• [Activity] Report, from the records below, every line where the word "prefers" appears.

• [Entries shown]

(* Ties are broken in favour of P: if x is not in P, no vertex of P is an admissible choice.
   The first vertex is exempt; it is fixed separately. *)
definition preferred_bfs_step :: "'a set \<Rightarrow> ('a \<Rightarrow> 'a \<Rightarrow> bool) \<Rightarrow> 'a set \<Rightarrow> 'a list \<Rightarrow> 'a \<Rightarrow> bool" where
  "preferred_bfs_step V E P xs x \<longleftrightarrow> x \<in> V - set xs \<and>
     (\<forall>y \<in> V - set xs. label_key (label xs E (length xs) x) \<le> label_key (label xs E (length xs) y) \<and>
        (xs \<noteq> [] \<longrightarrow> x \<notin> P \<longrightarrow> y \<in> P \<longrightarrow>
           label_key (label xs E (length xs) x) < label_key (label xs E (length xs) y)))"

inductive preferred_bfs_prefix :: "'a set \<Rightarrow> ('a \<Rightarrow> 'a \<Rightarrow> bool) \<Rightarrow> 'a \<Rightarrow> 'a set \<Rightarrow> 'a list \<Rightarrow> bool"
  for V E r P where
  Nil: "preferred_bfs_prefix V E r P []"
| snoc: "preferred_bfs_prefix V E r P xs \<Longrightarrow> (xs = [] \<longrightarrow> x = r) \<Longrightarrow> preferred_bfs_step V E P xs x \<Longrightarrow>
    preferred_bfs_prefix V E r P (xs @ [x])"

lemma preferred_bfs_step_exists:
  assumes "finite V" "r \<in> V" "V - set xs \<noteq> {}"
  obtains x where "preferred_bfs_step V E P xs x" "xs = [] \<longrightarrow> x = r"
proof (cases "xs = []")
  case True
  have "preferred_bfs_step V E P [] r"
    using assms(2) by (simp add: preferred_bfs_step_def label_def)
  then show thesis
    using that True by blast
next
  case False
  let ?R = "V - set xs" and ?key = "\<lambda>y. label_key (label xs E (length xs) y)"
  define M where "M = {x \<in> ?R. \<forall>y \<in> ?R. ?key x \<le> ?key y}"
  have "finite ?R"
    using assms(1) by simp
  then have "arg_min_on ?key ?R \<in> M"
    unfolding M_def using arg_min_if_finite(1) arg_min_least[where f = ?key] assms(3) by auto
  then obtain x where x: "x \<in> M" "M \<inter> P \<noteq> {} \<Longrightarrow> x \<in> P"
    by (cases "M \<inter> P = {}") auto
  have "?key x < ?key y" if y: "x \<notin> P" "y \<in> P" "y \<in> ?R" for y
  proof -
    have "y \<notin> M"
      using x y by blast
    then obtain z where z: "z \<in> ?R" "?key z < ?key y"
      using y(3) unfolding M_def by (auto simp: not_le)
    then have "?key x \<le> ?key z"
      using x(1) unfolding M_def by blast
    then show ?thesis
      using z(2) by (rule le_less_trans)
  qed
  moreover have "x \<in> ?R" "\<forall>y \<in> ?R. ?key x \<le> ?key y"
    using x(1) unfolding M_def by auto
  ultimately have "preferred_bfs_step V E P xs x"
    unfolding preferred_bfs_step_def by auto
  then show thesis
    using that False by blast
qed

lemma preferred_bfs_prefix_nth:
  "preferred_bfs_prefix V E r P xs \<Longrightarrow> i < length xs \<Longrightarrow>
    preferred_bfs_step V E P (take i xs) (xs ! i)"
  by (induction rule: preferred_bfs_prefix.induct) (auto simp: nth_append less_Suc_eq)

lemma preferred_bfs_prefixD:
  assumes "preferred_bfs_prefix V E r P xs"
  shows "distinct xs" "set xs \<subseteq> V" "xs \<noteq> [] \<Longrightarrow> xs ! 0 = r"
  using assms by (induction rule: preferred_bfs_prefix.induct)
    (auto simp: preferred_bfs_step_def nth_append)

lemma preferred_bfs_prefix_exists:
  assumes "finite V" "r \<in> V" "n \<le> card V"
  shows "\<exists>xs. length xs = n \<and> preferred_bfs_prefix V E r P xs"
  using assms(3)
proof (induction n)
  case 0
  show ?case
    using preferred_bfs_prefix.Nil by (intro exI[of _ "[]"]) simp
next
  case (Suc n)
  then obtain xs where xs: "length xs = n" "preferred_bfs_prefix V E r P xs"
    by auto
  then have "card (set xs) < card V"
    using Suc.prems distinct_card[OF preferred_bfs_prefixD(1)[OF xs(2)]] by simp
  then have "V - set xs \<noteq> {}"
    using preferred_bfs_prefixD(2)[OF xs(2)] by auto
  then obtain x where "preferred_bfs_step V E P xs x" "xs = [] \<longrightarrow> x = r"
    by (rule preferred_bfs_step_exists[OF assms(1,2)])
  then show ?case
    using preferred_bfs_prefix.snoc[OF xs(2)] xs(1) by (metis length_append_singleton)
qed

lemma preferred_bfs_ordering_exists:
  assumes "finite V" "r \<in> V"
  obtains \<sigma> where "bfs_ordering V E \<sigma>" "\<sigma> ! 0 = r"
    "\<And>i x. 0 < i \<Longrightarrow> i < length \<sigma> \<Longrightarrow> \<sigma> ! i \<notin> P \<Longrightarrow> x \<in> P \<Longrightarrow> x \<in> V - set (take i \<sigma>) \<Longrightarrow>
       label_less (label \<sigma> E i x) (label \<sigma> E i (\<sigma> ! i))"
proof -
  obtain \<sigma> where \<sigma>: "length \<sigma> = card V" "preferred_bfs_prefix V E r P \<sigma>"
    using preferred_bfs_prefix_exists[OF assms order_refl] by blast
  note props = preferred_bfs_prefixD[OF \<sigma>(2)]
  have "set \<sigma> = V"
    using props(1,2) \<sigma>(1) assms(1) by (metis card_subset_eq distinct_card)
  have step: "preferred_bfs_step V E P (take i \<sigma>) (\<sigma> ! i)" if "i < length \<sigma>" for i
    using preferred_bfs_prefix_nth[OF \<sigma>(2) that] .
  have later: "\<sigma> ! k \<in> V - set (take i \<sigma>)" if "i < k" "k < length \<sigma>" for i k
    using props(1) that \<open>set \<sigma> = V\<close> by (auto simp: in_set_conv_nth nth_eq_iff_index_eq)
  have "bfs_ordering V E \<sigma>"
    unfolding bfs_ordering_def
  proof (intro conjI allI impI)
    fix i k assume "i < k \<and> k < length \<sigma>"
    then show "\<not> label_less (label \<sigma> E i (\<sigma> ! i)) (label \<sigma> E i (\<sigma> ! k))"
      using step[of i] later[of i k]
      by (auto simp: preferred_bfs_step_def label_take label_less_iff_key not_less)
  qed (use props \<open>set \<sigma> = V\<close> in auto)
  moreover have "0 < card V"
    using assms card_gt_0_iff by blast
  then have "\<sigma> \<noteq> []"
    using \<sigma>(1) by auto
  then have "\<sigma> ! 0 = r"
    by (rule props(3))
  moreover have "label_less (label \<sigma> E i x) (label \<sigma> E i (\<sigma> ! i))"
    if "0 < i" "i < length \<sigma>" "\<sigma> ! i \<notin> P" "x \<in> P" "x \<in> V - set (take i \<sigma>)" for i x
    using step[of i] that by (auto simp: preferred_bfs_step_def label_take label_less_iff_key)
  ultimately show thesis
    using that by blast
qed

lemma preferred_choice:
  assumes prefers: "\<And>x. \<sigma> ! t \<notin> P \<Longrightarrow> x \<in> P \<Longrightarrow> x \<in> V - set (take t \<sigma>) \<Longrightarrow>
      label_less (label \<sigma> E t x) (label \<sigma> E t (\<sigma> ! t))"
    and y: "s < t" "E (\<sigma> ! s) y" "y \<in> P" "y \<in> V - set (take t \<sigma>)"
    and late: "\<forall>a \<in> label \<sigma> E t (\<sigma> ! t). s \<le> a"
  shows "\<sigma> ! t \<in> P"
proof (rule ccontr)
  assume "\<sigma> ! t \<notin> P"
  then have "label_key (label \<sigma> E t (\<sigma> ! t)) < label_key (label \<sigma> E t y)"
    using prefers y(3,4) by (simp add: label_less_iff_key)
  also have "\<dots> \<le> enat s"
  proof -
    have "s \<in> label \<sigma> E t y"
      using y(1,2) unfolding label_def by simp
    then show ?thesis
      unfolding label_key_def by auto
  qed
  also have "enat s \<le> label_key (label \<sigma> E t (\<sigma> ! t))"
    using late unfolding label_key_def by simp
  finally show False
    by simp
qed

section \<open>Distances in a connected graph\<close>

locale finite_connected_graph =
  fixes V :: "'a set" and E :: "'a \<Rightarrow> 'a \<Rightarrow> bool"
  assumes graph: "graph V E" and connected: "connected_graph V E"
begin

abbreviation d :: "'a \<Rightarrow> 'a \<Rightarrow> nat" where
  "d \<equiv> graph_dist V E"

lemma finite_vertices: "finite V"
  and edge_vertices: "E x y \<Longrightarrow> x \<in> V" "E x y \<Longrightarrow> y \<in> V"
  and edge_irrefl: "\<not> E x x"
  using graph unfolding graph_def by blast+

lemma gdist_eq_dist:
  assumes "a \<in> V" "b \<in> V"
  shows "gdist V E a b = enat (d a b)"
proof -
  obtain p where "walk V E p" "hd p = a" "last p = b"
    using connected assms unfolding connected_graph_def by blast
  then have "gdist V E a b \<le> enat (length p - 1)"
    by (rule gdist_le_walk)
  then show ?thesis
    unfolding graph_dist_def by (cases "gdist V E a b") auto
qed

lemma shortest_walk_exists:
  assumes "a \<in> V" "b \<in> V"
  obtains p where "walk V E p" "hd p = a" "last p = b" "length p = Suc (d a b)"
  using gdist_enat_walk[OF gdist_eq_dist[OF assms]] by blast

lemma dist_le_walk:
  assumes "walk V E p" "hd p = a" "last p = b"
  shows "d a b \<le> length p - 1"
proof -
  have "a \<in> V" "b \<in> V"
    using assms by (auto simp: walk_def)
  then show ?thesis
    using gdist_le_walk[OF assms] by (simp add: gdist_eq_dist)
qed

lemma dist_self: "a \<in> V \<Longrightarrow> d a a = 0"
  using dist_le_walk[OF walk_singleton] by fastforce

lemma dist_eq_0_iff:
  assumes "a \<in> V" "b \<in> V"
  shows "d a b = 0 \<longleftrightarrow> a = b"
proof
  assume "d a b = 0"
  then obtain p where "hd p = a" "last p = b" "length p = 1"
    using shortest_walk_exists[OF assms] by (metis One_nat_def)
  then show "a = b" by (cases p) auto
qed (use assms dist_self in simp)

lemma dist_edge:
  assumes "a \<in> V" "E x y"
  shows "d a y \<le> d a x + 1"
proof -
  obtain p where p: "walk V E p" "hd p = a" "last p = x" "length p = Suc (d a x)"
    using shortest_walk_exists assms edge_vertices by blast
  then have "walk V E (p @ [y])"
    using assms edge_vertices by (intro walk_snoc) auto
  moreover have "hd (p @ [y]) = a"
    using p by (cases p) auto
  ultimately show ?thesis
    using dist_le_walk p(4) by fastforce
qed

lemma dist_along_walk:
  assumes "a \<in> V" "walk V E p" "i \<le> j" "j < length p"
  shows "d a (p ! j) \<le> d a (p ! i) + (j - i)"
  using assms(3,4)
proof (induction j)
  case (Suc j)
  show ?case
  proof (cases "i = Suc j")
    case False
    then have "d a (p ! j) \<le> d a (p ! i) + (j - i)"
      using Suc by simp
    moreover have "E (p ! j) (p ! Suc j)"
      using assms(2) Suc.prems unfolding walk_def by blast
    ultimately show ?thesis
      using dist_edge[OF assms(1)] False Suc.prems by fastforce
  qed simp
qed simp

lemma shortest_walk_nth_dist:
  assumes "walk V E p" "hd p = a" "length p = Suc (d a (last p))" "j < length p"
  shows "d a (p ! j) = j"
proof -
  have p: "p \<noteq> []" "p ! 0 = a" "a \<in> V"
    using assms by (auto simp: walk_def hd_conv_nth)
  have "d a (p ! j) \<le> j"
    using dist_along_walk[OF p(3) assms(1), of 0 j] assms(4) p dist_self by simp
  moreover have "d a (last p) \<le> d a (p ! j) + (length p - 1 - j)"
    using dist_along_walk[OF p(3) assms(1), of j "length p - 1"] assms(4) p
    by (simp add: last_conv_nth)
  ultimately show ?thesis
    using assms(3,4) by linarith
qed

• [Answer to the problem]
  assumes prefers: "\<And>x. \<sigma> ! t \<notin> P \<Longrightarrow> x \<in> P \<Longrightarrow> x \<in> V - set (take t \<sigma>) \<Longrightarrow>
    using prefers y(3,4) by (simp add: label_less_iff_key)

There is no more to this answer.